Name                                Issuer          Distinguished Name
 mail1.EXAMPLE.de (ACME Client)      R3 (Let's Encrypt)     CN=mail1.EXAMPLE.de
CA: No, Server: Yes    
     Valid From:    Thu, 30 Sep 2021 12:55:38 +0200
     Valid Until:    Wed, 29 Dec 2021 11:55:37 +0100


So I followed this advice from mimugmail:
"You can also go to System : Trust : Authorities, remove the old CA which expires today, then go to LE plugin and renew all,
then go to your sevices and look if they are correctly linked and restart.
No patch necessary."

It worked fine.
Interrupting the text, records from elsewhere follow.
lemma H_inverse:
  assumes "h \<in> H"
  shows "inv\<^bsub>SL\<^esub> h \<in> H" "h ** inv\<^bsub>SL\<^esub> h = mat 1" "inv\<^bsub>SL\<^esub> h ** h = mat 1"
proof -
  interpret group "SL :: ('a^'n^'n) monoid" by (rule SL_group)
  have "h \<in> carrier SL" using assms H_det by simp
  then show "h ** inv\<^bsub>SL\<^esub> h = mat 1" "inv\<^bsub>SL\<^esub> h ** h = mat 1"
    using r_inv l_inv by simp_all
  show "inv\<^bsub>SL\<^esub> h \<in> H" by (rule subgroup.m_inv_closed[OF H_subgroup assms])
qed

lemma commutator_mem:
  assumes g: "g \<in> H" and x: "det x = 1" "x ** xi = mat 1" "xi ** x = mat 1"
  shows "g ** x ** inv\<^bsub>SL\<^esub> g ** xi \<in> H"
proof -
  interpret G: group "SL :: ('a^'n^'n) monoid" by (rule SL_group)
  interpret subgroup H "SL :: ('a^'n^'n) monoid" by (rule H_subgroup)
  have xc: "x \<in> carrier SL" using x by simp
  have "det x * det xi = 1" using x(2) by (simp flip: det_mul)
  then have "xi \<in> carrier SL" using x(1) by simp
  then have xi: "inv\<^bsub>SL\<^esub> x = xi" using G.inv_equality[of xi x] x(3) xc by simp
  have "x \<otimes>\<^bsub>SL\<^esub> inv\<^bsub>SL\<^esub> g \<otimes>\<^bsub>SL\<^esub> inv\<^bsub>SL\<^esub> x \<in> H"
    using normal xc H_inverse(1)[OF g] by (simp add: G.normal_inv_iff)
  then have "g \<otimes>\<^bsub>SL\<^esub> (x \<otimes>\<^bsub>SL\<^esub> inv\<^bsub>SL\<^esub> g \<otimes>\<^bsub>SL\<^esub> inv\<^bsub>SL\<^esub> x) \<in> H"
    using g by (rule m_closed[rotated])
  then show ?thesis using xi by (simp add: matrix_mul_assoc)
qed

lemma layer_zero: "layer p H m 0"
proof -
  have "mat 1 \<in> H" using subgroup.one_closed[OF H_subgroup] by simp
  then show ?thesis unfolding layer_def by force
qed

text \<open>Layers of positive level are additive, since
  (1 + p^m Y1)(1 + p^m Y2) = 1 + p^m (Y1 + Y2) modulo p^(2m).\<close>
lemma layer_add:
  assumes m: "m \<ge> 1" and Y: "layer p H m Y1" "layer p H m Y2"
  shows "layer p H m (Y1 + Y2)"
proof -
  obtain h1 where h1: "h1 \<in> H" "cong_mat (p^(m+1)) h1 (mat 1 + mscale (p^m) Y1)"
    using Y(1) unfolding layer_def by blast
  obtain h2 where h2: "h2 \<in> H" "cong_mat (p^(m+1)) h2 (mat 1 + mscale (p^m) Y2)"
    using Y(2) unfolding layer_def by blast
  have "h1 ** h2 \<in> H" using subgroup.m_closed[OF H_subgroup h1(1) h2(1)] by simp
  have prod: "(mat 1 + mscale (p^m) Y1) ** (mat 1 + mscale (p^m) Y2)
      = mat 1 + mscale (p^m) (Y1 + Y2) + mscale (p^m * p^m) (Y1 ** Y2)"
    by (simp add: matrix_add_ldistrib matrix_add_rdistrib mscale_add algebra_simps)
  have "p^(m+1) dvd p^(m+m)" using m by (intro le_imp_power_dvd) simp
  then have "cong_mat (p^(m+1)) (mscale (p^m * p^m) (Y1 ** Y2)) 0"
    by (intro cong_mat_mscale_zero) (simp add: power_add)
  then have "cong_mat (p^(m+1)) (h1 ** h2) (mat 1 + mscale (p^m) (Y1 + Y2) + 0)"
    using cong_mat_mult[OF h1(2) h2(2)] cong_mat_add[OF cong_mat_refl] cong_mat_trans
    unfolding prod by blast
  with \<open>h1 ** h2 \<in> H\<close> show ?thesis unfolding layer_def by auto
qed

lemma layer_sum:
  assumes "m \<ge> 1" "finite F" "\<And>x. x \<in> F \<Longrightarrow> layer p H m (f x)"
  shows "layer p H m (sum f F)"
  using assms(2,3) by (induction F rule: finite_induct) (auto intro: layer_zero layer_add[OF assms(1)])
The newest renewed cert is now issued by the new "ACME Client" instead of "Let's Encrypt".
BUT: Services -> HAProxy -> Maintenance -> SSL Certificates STILL doesn't show any cert!
So I checked the HAproxy public service, and noticed that "Certificate" and "Default certificate" were empty now (as others have already warned).
So in both fields I selected the new "mail1.EXAMPLE.de (ACME Client)" cert, and clicked 'save' and then 'apply'.
BUT: Services -> HAProxy -> Maintenance -> SSL Certificates STILL doesn't show any cert!
So I stopped and started the HAproxy service from the Dashboard.
BUT: Services -> HAProxy -> Maintenance -> SSL Certificates STILL doesn't show any cert!
However, I noticed that external clients (such as my iPhones E-Mail app) can connect again without SSL error! Problem solved! Except for the Web GUI...

[5k7m4n]

Didn't work form me. I got ERR_CERT_DATE_INVALID after following your instructions.

[stesoell]

Didn't work form me. I got ERR_CERT_DATE_INVALID after following your instructions.

Check HAProxy settings - Public Service - HTTPS in (or similiar). Do you have selected a SSL offloading certificate (ACME)?